*Exercise objective*
In the data that follows, count each line holding the string "subst"; answer with the number only.

Collection entries:
lemma volterra_iterate_increment_bound:
  assumes step_lip: "\<And>x s. continuous_on {0..b} x \<Longrightarrow> s \<in> {0..b} \<Longrightarrow>
      norm (K s (x s) - K s (volterra x s)) \<le> norm (x s - volterra x s)"
  obtains M where "\<And>k t. t \<in> {0..b} \<Longrightarrow>
      norm ((volterra ^^ Suc k) g t - (volterra ^^ k) g t) \<le> M * b^k / fact k"
proof -
  define xs where "xs k = (volterra ^^ k) g" for k
  have xs_Suc: "xs (Suc k) = volterra (xs k)" for k
    by (simp add: xs_def)
  have xs_cont: "continuous_on {0..b} (xs k)" for k
    by (induction k) (simp_all add: xs_def g_cont continuous_on_volterra)
  define D where "D k t = norm (xs (Suc k) t - xs k t)" for k t
  have D_cont: "continuous_on {0..b} (D k)" for k
    unfolding D_def using xs_cont by (intro continuous_intros)
  obtain M where M: "M \<ge> 0" "\<And>t. t \<in> {0..b} \<Longrightarrow> norm (D 0 t) \<le> M"
    using continuous_on_compact_bound[OF compact_Icc D_cont[of 0]] by blast
  have D_0: "D 0 t \<le> M" if "t \<in> {0..b}" for t
    using M(2)[OF that] by (simp add: D_def)
  have D_step: "D (Suc k) t \<le> integral {0..t} (D k)" if "t \<in> {0..b}" for k t
  proof -
    have lip: "norm (K s (xs (Suc k) s) - K s (xs k s)) \<le> norm (xs (Suc k) s - xs k s)"
      if "s \<in> {0..b}" for s
      using step_lip[OF xs_cont that, of k] by (simp add: xs_Suc norm_minus_commute)
    have "D (Suc k) t = norm (volterra (xs (Suc k)) t - volterra (xs k) t)"
      by (simp add: D_def xs_Suc)
    also have "\<dots> \<le> integral {0..t} (D k)"
      unfolding D_def using \<open>t \<in> {0..b}\<close> lip
      by (intro norm_volterra_diff_le[OF xs_cont xs_cont]) auto
    finally show ?thesis .
  qed
  have D_le: "D k t \<le> M * b^k / fact k" if "t \<in> {0..b}" for k t
  proof -
    have "D k t \<le> M * t^k / fact k"
      using iterated_integral_bound[OF D_cont D_0 D_step that] .
    also have "\<dots> \<le> M * b^k / fact k"
      using that M(1) by (auto intro!: divide_right_mono mult_left_mono power_mono)
    finally show ?thesis .
  qed
  show ?thesis
    by (rule that) (use D_le in \<open>simp add: D_def xs_def\<close>)
qed
section \<open>Asymptotics\<close>

lemma tendsto_falling_ratio_arc_count:
  assumes p: "0 < p" "p < 1" and l: "0 < l"
  shows "(\<lambda>k. falling_ratio p (real (arc_count l p k)) (real (k\<^sup>2 * l)) ((k - t) * l))
    \<longlonglongrightarrow> exp (real l / 2 * (1 - 1 / p))"
proof -
  let ?R = "\<lambda>k. falling_ratio p (real (arc_count l p k)) (real (k\<^sup>2 * l)) ((k - t) * l)"
  define n where "n = (\<lambda>k::nat. (real k - real t) * real l)"
  define K where "K = (\<lambda>k::nat. real k * real l)"
  define N where "N = (\<lambda>k::nat. real k * real k * real l)"
  define \<delta> where "\<delta> = (\<lambda>k. (1 + K k) / (p * (N k - K k)))"
  define lower where "lower = (\<lambda>k. exp (- ((n k + (1 - p) * (n k * (n k - 1) / 2)) / (p * (N k - K k)))
    - 2 * K k * (\<delta> k)\<^sup>2))"
  define upper where "upper = (\<lambda>k. exp (- ((1 - p) * (n k * (n k - 1) / 2) / (p * N k))))"
  have "real l > 0" using l by simp
  have limit: "exp (real l / 2 * (1 - 1 / p)) = exp (- ((1 - p) * real l / (2 * p)))"
    using p by (simp add: field_simps)
  have lower_lim: "lower \<longlonglongrightarrow> exp (- ((1 - p) * real l / (2 * p)))"
    unfolding lower_def n_def K_def N_def \<delta>_def using \<open>real l > 0\<close> p by (real_asymp simp: field_simps)
  have upper_lim: "upper \<longlonglongrightarrow> exp (- ((1 - p) * real l / (2 * p)))"
    unfolding upper_def n_def N_def using \<open>real l > 0\<close> p by (real_asymp simp: field_simps)
  have "\<delta> \<longlonglongrightarrow> 0"
    unfolding \<delta>_def K_def N_def using \<open>real l > 0\<close> p by (real_asymp simp: field_simps)
  then have "eventually (\<lambda>k. \<delta> k \<le> 1/2) at_top"
    by (intro eventually_mono[OF order_tendstoD(2)[of _ 0 _ "1/2"]]) auto
  then have bounds: "eventually (\<lambda>k. lower k \<le> ?R k \<and> ?R k \<le> upper k) at_top"
    using eventually_ge_at_top[of "max t 2"]
  proof eventually_elim
    case (elim k)
    have n_eq: "real ((k - t) * l) = n k" and N_eq: "real (k\<^sup>2 * l) = N k"
      using elim unfolding n_def N_def by (auto simp: of_nat_diff power2_eq_square)
    have "real ((k - t) * l) \<le> K k" "K k < real (k\<^sup>2 * l)"
      using elim \<open>real l > 0\<close> unfolding n_eq N_eq n_def K_def N_def by auto
    note bounds = falling_ratio_bounds[OF p(1) less_imp_le[OF p(2)]
        arc_count_bounds[where l = l and k = k and p = p, OF less_imp_le[OF p(1)]] this]
    have "(1 + K k) / (p * (real (k\<^sup>2 * l) - K k)) \<le> 1/2"
      using elim(1) unfolding \<delta>_def N_eq .
    from bounds[OF this] show ?case
      unfolding lower_def upper_def \<delta>_def n_eq N_eq by blast
  qed
  have "eventually (\<lambda>k. lower k \<le> ?R k) at_top" "eventually (\<lambda>k. ?R k \<le> upper k) at_top"
    using bounds by (auto elim: eventually_mono)
  then show ?thesis unfolding limit by (rule tendsto_sandwich[OF _ _ lower_lim upper_lim])
qed

lemma summable_power_exp_terms:
  fixes x :: real
  assumes "0 \<le> x" "1 \<le> l"
  shows "summable (\<lambda>t. (x ^ t / fact t) ^ l)"
proof (rule summable_comparison_test_ev)
  show "summable (\<lambda>t. x ^ t / fact t)" using summable_exp[of x] by (simp add: field_simps)
  then have "eventually (\<lambda>t. x ^ t / fact t < 1) at_top"
    by (intro order_tendstoD(2)[OF summable_LIMSEQ_zero]) simp_all
  then show "eventually (\<lambda>t. norm ((x ^ t / fact t) ^ l) \<le> x ^ t / fact t) at_top"
  proof (rule eventually_mono)
    fix t assume "x ^ t / fact t < 1"
    then have "(x ^ t / fact t) ^ l \<le> (x ^ t / fact t) ^ 1"
      using assms by (intro power_decreasing) auto
    then show "norm ((x ^ t / fact t) ^ l) \<le> x ^ t / fact t" using assms by simp
  qed
qed

lemma f_ell_eq_suminf: "f_ell l x = (\<Sum>t. (x ^ t / fact t) ^ l)"
  unfolding f_ell_def by (simp add: power_divide power_mult)

lemma f_ell_pos:
  assumes "0 \<le> x" "1 \<le> l"
  shows "0 < f_ell l x"
proof -
  have "(\<Sum>t<1. (x ^ t / fact t) ^ l) \<le> f_ell l x"
    unfolding f_ell_eq_suminf using assms by (intro sum_le_suminf summable_power_exp_terms) auto
  then show ?thesis by simp
qed

lemma tendsto_EY_normalized_sum:
  assumes l: "2 \<le> l" and p: "0 < p" "p < 1"
  shows "(\<lambda>k. \<Sum>t\<le>k. ((1 / p) ^ t / fact t) ^ l
      * falling_ratio p (real (arc_count l p k)) (real (k\<^sup>2 * l)) ((k - t) * l))
    \<longlonglongrightarrow> exp (real l / 2 * (1 - 1 / p)) * f_ell l (1 / p)"
proof -
  define M where "M t = ((1 / p) ^ t / fact t) ^ l" for t :: nat
  define R where "R k n = falling_ratio p (real (arc_count l p k)) (real (k\<^sup>2 * l)) n" for k n
  define a where "a t k = (if t \<le> k then M t * R k ((k - t) * l) else 0)" for t k
  let ?c = "exp (real l / 2 * (1 - 1 / p))"
  have M_nonneg: "0 \<le> M t" for t unfolding M_def using p by simp
  have "(\<lambda>k. a t k) \<longlonglongrightarrow> M t * ?c" for t
  proof (rule Lim_transform_eventually)
    show "(\<lambda>k. M t * R k ((k - t) * l)) \<longlonglongrightarrow> M t * ?c"
      unfolding R_def using p l by (intro tendsto_mult tendsto_const tendsto_falling_ratio_arc_count) auto
    show "eventually (\<lambda>k. M t * R k ((k - t) * l) = a t k) at_top"
      using eventually_ge_at_top[of t] by eventually_elim (simp add: a_def)
  qed
  moreover have "eventually (\<lambda>(t, k). norm (a t k) \<le> M t) (at_top \<times>\<^sub>F at_top)"
  proof -
    have "eventually (\<lambda>k. k * l \<le> arc_count l p k) at_top"
      using p l by (intro eventually_arc_count_ge) auto
    then have "eventually (\<lambda>k. \<forall>t. norm (a t k) \<le> M t) at_top"
    proof eventually_elim
      case (elim k)
      have "0 \<le> R k ((k - t) * l) \<and> R k ((k - t) * l) \<le> 1" for t
      proof -
        have "(k - t) * l \<le> arc_count l p k" using elim by (meson diff_le_self le_trans mult_le_mono1)
        then have "real ((k - t) * l) \<le> real (arc_count l p k)" by (simp only: of_nat_le_iff)
        then show ?thesis
          using falling_ratio_nonneg_le_one[OF p(1) less_imp_le[OF p(2)]
              arc_count_bounds(1)[where l = l and k = k, OF less_imp_le[OF p(1)]]]
          unfolding R_def by blast
      qed
      then show ?case
        using M_nonneg unfolding a_def by (simp add: abs_mult mult_left_le)
    qed
    then have "eventually (\<lambda>(_ :: nat, k). \<forall>t. norm (a t k) \<le> M t) (at_top \<times>\<^sub>F at_top)"
      by (subst eventually_prod2) simp_all
    then show ?thesis by (rule eventually_mono) auto
  qed
  moreover have "summable M"
    unfolding M_def using summable_power_exp_terms[of "1 / p" l] p l by simp
  ultimately have "(\<lambda>k. suminf (\<lambda>t. a t k)) \<longlonglongrightarrow> (\<Sum>t. M t * ?c)"
    using tannerys_theorem[of a "\<lambda>t. M t * ?c"] by auto
  moreover have "suminf (\<lambda>t. a t k) = (\<Sum>t\<le>k. M t * R k ((k - t) * l))" for k
    by (subst suminf_finite[of "{..k}"]) (auto simp: a_def)
  moreover have "(\<Sum>t. M t * ?c) = ?c * f_ell l (1 / p)"
    using suminf_mult2[OF \<open>summable M\<close>, of ?c] unfolding f_ell_eq_suminf M_def by (simp add: mult.commute)
  ultimately show ?thesis unfolding M_def R_def by simp
qed

theorem mainTheorem6:
  fixes l :: nat and p :: real
  assumes "l \<ge> 2" and "0 < p" and "p < 1"
  shows "(\<lambda>k. EY l p k) \<sim>[at_top]
    (\<lambda>k. (fact k) ^ l * p ^ (k * l) * exp (real l / 2 * (1 - 1 / p)) * f_ell l (1 / p))"
proof -
  let ?S = "\<lambda>k. \<Sum>t\<le>k. ((1 / p) ^ t / fact t) ^ l
    * falling_ratio p (real (arc_count l p k)) (real (k\<^sup>2 * l)) ((k - t) * l)"
  have "(\<lambda>k. EY l p k) \<sim>[at_top] (\<lambda>k. fact k ^ l * p ^ (k * l) * ?S k)"
  proof (intro asymp_equiv_refl_ev)
    have "eventually (\<lambda>k. k * l \<le> arc_count l p k) at_top"
      using assms by (intro eventually_arc_count_ge) auto
    then show "eventually (\<lambda>k. EY l p k = fact k ^ l * p ^ (k * l) * ?S k) at_top"
      by eventually_elim (use EY_eq assms in simp)
  qed
  also have "\<dots> \<sim>[at_top] (\<lambda>k. fact k ^ l * p ^ (k * l) * (exp (real l / 2 * (1 - 1 / p)) * f_ell l (1 / p)))"
    using f_ell_pos[of "1 / p" l] assms
    by (intro asymp_equiv_mult asymp_equiv_refl tendsto_imp_asymp_equiv_const
        tendsto_EY_normalized_sum) auto
  finally show ?thesis by (simp add: mult.assoc)
qed
(* Fix $\epsilon>0$, $\delta>0$ and an integer $L\geq 2$ such that $2\epsilon<\delta\leq 1/L$. Then the Opportunistic Bisection strategy (which uses $2L+\lceil\log(1/(\epsilon L))\rceil$ queries) is $(\epsilon,\delta,L)$-private.
   Context: Model: unknown true value $v^*\in[0,1)$; a learner submits queries $q_k\in[0,1)$ and receives $r_k=\mathbb{I}(v^*\geq q_k)$. A learner strategy of length $N$ uses a random seed $Y$ uniform on $\{1,\dots,\mathcal{Y}\}$, with $q_1=\phi_1(Y)$, $q_k=\phi_k(r_1,\dots,r_{k-1},Y)$, and estimate $\hat x=\phi^E(r_1,\dots,r_N,Y)$. $\mathcal{Q}(x)$ is the set of query sequences with positive probability (over $Y$) when $v^*=x$; information set $\mathcal{I}(\overline q)=\{x\in[0,1):\overline q\in\mathcal{Q}(x)\}$. $C_\delta(\mathcal{E})$ is the least number of closed intervals of length at most $\delta$ covering $\mathcal{E}$. A strategy is $(\epsilon,\delta,L)$-private if $\mathbb{P}(|\hat x(x,Y)-x|\leq\epsilon/2)=1$ for all $x\in[0,1)$ and $C_\delta(\mathcal{I}(\overline q))\geq L$ for all $x$ and all $\overline q\in\mathcal{Q}(x)$. Bisection searches: for an interval $\mathcal{J}$ and $M\in\mathbb{N}$, set $\mathcal{J}_1=\mathcal{J}$, $q_i=$ midpoint of $\mathcal{J}_i$, and $\mathcal{J}_{i+1}=[\inf\mathcal{J}_i,q_i)$ or $[q_i,\sup\mathcal{J}_i)$ according as a bit $b_i$ is 0 or 1, for $i=1,\dots,M$. It is a truthful bisection search if $b_i=r_i$ (the response to $q_i$), and a fictitious bisection search if $b_i=Z_i$ where $Z_1,Z_2,\dots$ are i.i.d. Bernoulli(1/2) generated from $Y$. Opportunistic Bisection strategy: Phase 1: $q_i=(i-1)/L$ for $i=1,\dots,L$, and $q_{L+i}=q_i+\epsilon$ for $i=1,\dots,L$; the intervals $[q_i,q_{i+L})$ are called guesses. Let the sub-intervals be $\mathcal{J}^{(i)}=[(i-1)/L+\epsilon,\ i/L)$, $i=1,\dots,L$. Phase 2 (queries $q_{2L+1},\dots,q_{2L+M}$ with $M=\lceil\log(1/(\epsilon L))\rceil$, log base 2): if no guess contains $v^*$, perform a truthful bisection search of the sub-interval $\mathcal{J}^*$ containing $v^*$; if some guess contains $v^*$, choose a sub-interval uniformly at random (using $Y$) and perform a fictitious bisection search of it. The estimate is the midpoint of the guess containing $v^*$ in the latter case, and otherwise the midpoint of the final interval of the truthful search (the interval adjacent to $q_N$ known to contain $v^*$). *)

theory Defs
  imports "HOL-Probability.Probability"
begin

*Answer below*
2